Rezension
Beatrix Kramlovsky
Fanny oder Das weiße Land
hanserblau, München, 2020, 301 Seiten
ISBN 978-3-446-26797-8
Sechs k.u.k. Offiziere finden sich am Ende des Ersten Weltkrieges in einem Gefangenenlager in Ostsibirien zusammen und beschließen, sich in ihre Heimat durchzuschlagen. Angetrieben werden sie von Karl, den es zu seiner geliebten Fanny und seinem kleinen Sohn Max nach Wien zieht. Drei Jahre lang werden sie russische Wachmannschaften und sonstige Behörden umgehen und überlisten und tausende Kilometer unwegsamen Geländes durchqueren müssen – Steppen, Sümpfe, Schneefelder und Gebirgszüge. Geld haben sie wenig, ihre Ausrüstung ist schlecht. Aber sie haben Schläue, Gemeinschaftssinn und einen Anführer mit hervorragendem Zeichentalent, denn Karl hat sich als Autodidakt eine gute Ausbildung als Maler erarbeitet. Ein lebensechtes Porträt eines Bewachers oder eines seiner Angehörigen kann der ganzen Gruppe das Leben retten. Unter Karls Aufmunterung stellen sich auch bei seinen Kameraden kunsthandwerkliche Fähigkeiten heraus.
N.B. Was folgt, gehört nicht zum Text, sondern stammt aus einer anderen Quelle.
(* Let $u\in R^{\times}$, $a\in R$. Then \[\mathcal{P}_a=(XG-qGX)^N-(1-q)^NG^NX^N+(1-q)^NaE^NG^N\] is a polynomial $H_N^q$-identity for $\mathcal{B}_{(u,a)}$.
   Context: $R$ is a commutative unital ring, $N\ge2$, and $q\in R$ a root of the $N$-th cyclotomic polynomial over $\mathbb{Z}$. $H_N^q$ is the Taft Hopf algebra over $R$: generated by $g,x$ with $g^N=1$, $x^N=0$, $xg=qgx$, $\Delta(g)=g\otimes g$, $\Delta(x)=1\otimes x+x\otimes g$, $\varepsilon(g)=1$, $\varepsilon(x)=0$, free over $R$ with basis $\{g^mx^n:0\le m,n<N\}$. $\mathcal{B}_{(u,a)}$ is the $R$-algebra generated by $v_g,v_x$ with $v_g^N=u$, $v_x^N=a$, $v_xv_g=qv_gv_x$, a right $H_N^q$-comodule algebra via $v_g\mapsto v_g\otimes g$, $v_x\mapsto1\otimes x+v_x\otimes g$. Let $Z_i^H$ ($i\ge1$) be copies $\{Z_i^h:h\in H_N^q\}$ of the $R$-module $H_N^q$, $T=T(\bigoplus_iZ_i^H)$ the tensor algebra with coaction $\delta(Z_i^h)=\sum Z_i^{h_1}\otimes h_2$, and $E=Z_1^1$, $G=Z_1^g$, $X=Z_1^x$. An element $P\in T$ is a polynomial $H_N^q$-identity for a right $H_N^q$-comodule algebra $B$ if $f(P)=0$ for every right $H_N^q$-comodule algebra map $f:T\to B$. *)

theory Defs
  imports Complex_Main "HOL-Computational_Algebra.Polynomial"
begin

definition cyclotomic_poly :: "nat \<Rightarrow> int poly" where
  "cyclotomic_poly N = (THE p. map_poly of_int p =
     (\<Prod>k\<in>{k. k < N \<and> coprime k N}. [:- cis (2 * pi * real k / real N), 1:]))"

text \<open>An element of the Taft algebra H, of B, is a coefficient function on the grid:
  h = sum of h(m,n) g^m x^n, resp. b = sum of b(m,n) v_g^m v_x^n.  Values off the grid
  are ignored (all equalities are tested on the grid only).\<close>

definition grid :: "nat \<Rightarrow> (nat \<times> nat) set" where
  "grid N = {..<N} \<times> {..<N}"

definition hbasis :: "nat \<times> nat \<Rightarrow> nat \<times> nat \<Rightarrow> 'r::comm_ring_1" where
  "hbasis k = (\<lambda>p. if p = k then 1 else 0)"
Kleine holzgeschnitzte Menschen- und Tierfiguren werden sich unterwegs als gut absetzbare Tauschwaren erweisen. So kommen sie nach dreijähriger Wanderung in ihre Heimat zurück.
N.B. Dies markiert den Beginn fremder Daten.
lemma Flam_increment_across_gap:
  assumes lam: "0 < lam" "lam < 5/6" and c: "c \<in> descendants lam n unit_cell"
    and e: "in_cell c e" and g: "in_cell c g" and gap: "cell_len c / 6 \<le> g - e"
  shows "\<bar>Flam lam g - Flam lam e\<bar> \<le> (1 + 12 * deviation_const lam) * stretch c * (g - e)"
proof -
  have K: "deviation_const lam > 0" using deviation_const_pos lam by simp
  have "cell_aff c g - cell_aff c e = cell_slope c * (g - e)" by (simp add: cell_aff_def algebra_simps)
  then have "\<bar>cell_aff c g - cell_aff c e\<bar> = \<bar>cell_slope c\<bar> * (g - e)"
    using gap unit_cell_descendant(1)[OF lam(1) c] by (simp add: abs_mult)
  also have "\<dots> \<le> stretch c * (g - e)"
    using abs_slope_le_stretch[of c] gap unit_cell_descendant(1)[OF lam(1) c] by (intro mult_right_mono) auto
  finally have aff: "\<bar>cell_aff c g - cell_aff c e\<bar> \<le> stretch c * (g - e)" .
  have "deviation_const lam * arclen c \<le> deviation_const lam * (stretch c * (6 * (g - e)))"
    using gap K stretch_ge_1[of c] by (intro mult_left_mono) (auto simp: arclen_def)
  then show ?thesis
    using Flam_near_cell_aff[OF lam c e] Flam_near_cell_aff[OF lam c g] aff
    by (simp add: algebra_simps)
qed

definition increment_const :: "real \<Rightarrow> real" where
  "increment_const lam = (1 + 3 * deviation_const lam) * (1 + 6 * lam) + 1 + 12 * deviation_const lam"

lemma increment_const_pos: "0 < lam \<Longrightarrow> lam < 5/6 \<Longrightarrow> increment_const lam > 0"
  using deviation_const_pos[of lam] by (simp add: increment_const_def add_pos_pos)

lemma Flam_increment_subcells:
  assumes lam: "0 < lam" "lam < 5/6" and c: "c \<in> descendants lam n unit_cell"
    and ij: "i < j" "j \<le> 3" and u: "in_cell (subcell lam i c) u" and v: "in_cell (subcell lam j c) v"
  shows "\<bar>Flam lam v - Flam lam u\<bar> \<le> increment_const lam * stretch c * (v - u)"
proof -
  let ?ci = "subcell lam i c" and ?cj = "subcell lam j c" and ?C = "increment_const lam * stretch c"
  let ?e = "cell_left ?ci + cell_len ?ci" and ?g = "cell_left ?cj"
  have K: "deviation_const lam > 0" using deviation_const_pos lam by simp
  have l: "cell_len c > 0" using unit_cell_descendant(1)[OF lam(1) c] .
  have order: "u \<le> ?e" "?e \<le> ?g" "?g \<le> v"
    using subcells_ordered(1)[OF ij l] u v by (auto simp: in_cell_def)
  have C: "(1 + 3 * deviation_const lam) * (1 + 6 * lam) * stretch c \<le> ?C"
    "(1 + 12 * deviation_const lam) * stretch c \<le> ?C"
    using K lam stretch_ge_1[of c] by (auto simp: increment_const_def intro!: mult_right_mono)
  have left: "\<bar>Flam lam ?e - Flam lam u\<bar> \<le> ?C * (?e - u)"
    using Flam_increment_in_subcell(2)[OF lam c u] mult_right_mono[OF C(1), of "?e - u"] order by simp
  have right: "\<bar>Flam lam v - Flam lam ?g\<bar> \<le> ?C * (v - ?g)"
    using Flam_increment_in_subcell(1)[OF lam c v] mult_right_mono[OF C(1), of "v - ?g"] order by simp
  have middle: "\<bar>Flam lam ?g - Flam lam ?e\<bar> \<le> ?C * (?g - ?e)"
  proof (cases "?e = ?g")
    case False
    then have "cell_len c / 6 \<le> ?g - ?e" using subcells_ordered(2)[OF ij l] by auto
    moreover have "in_cell ?ci ?e" "in_cell ?cj ?g"
      using subcell_len_pos[OF l] by (auto simp: in_cell_def less_imp_le)
    then have "in_cell c ?e" "in_cell c ?g"
      using in_subcell_imp_in_cell[OF l] by blast+
    ultimately show ?thesis
      using Flam_increment_across_gap[OF lam c] mult_right_mono[OF C(2), of "?g - ?e"] order
      by fastforce
  qed simp
  show ?thesis using left middle right by (simp add: algebra_simps)
qed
Die Erzählung fesselt den Leser vom Anfang bis zum Ende. Das kann sie, weil sie auf den Aufzeichnungen eines in Russland gefangenen k.u.k. Offiziers beruht. An ihnen wurde nur so viel geändert, wie es die geschichtliche Wahrheit verlangte. Denn vom Gefangenenlager aus konnte der ursprüngliche Schreiber die politische Lage nicht überschauen. Außerdem hat die Verfasserin des endgültigen Berichtes dem Leser die handelnden Personen als lebendige Charaktere vorgestellt und dazu verschiedene Einzelheiten abgeschliffen oder ergänzt. Freund und ehemaliger Feind werden verständnisvoll und einfühlsam dargestellt, die Gräuel des Todes und der Gefangenschaft wirklichkeitsnah, aber ohne Bitterkeit. Insgesamt ist die Erzählung in einem zwanglosen wienerischen Hochdeutsch gehalten, das sich offenbar an die Sprache der ursprünglichen Erzählung anlehnt. Der Vater spricht nicht zu „seinem Jungen“, sondern zu „seinem Bub“ – öha! Sollte es nicht „zu seinem Buben“ heißen (auf S.83)? Aber seien wir nachsichtig – ich jedenfalls bitte um Nachsicht für meine Schulmeisterei. Lassen Sie sich durch sie nicht davon abhalten, dieses Buch zu lesen!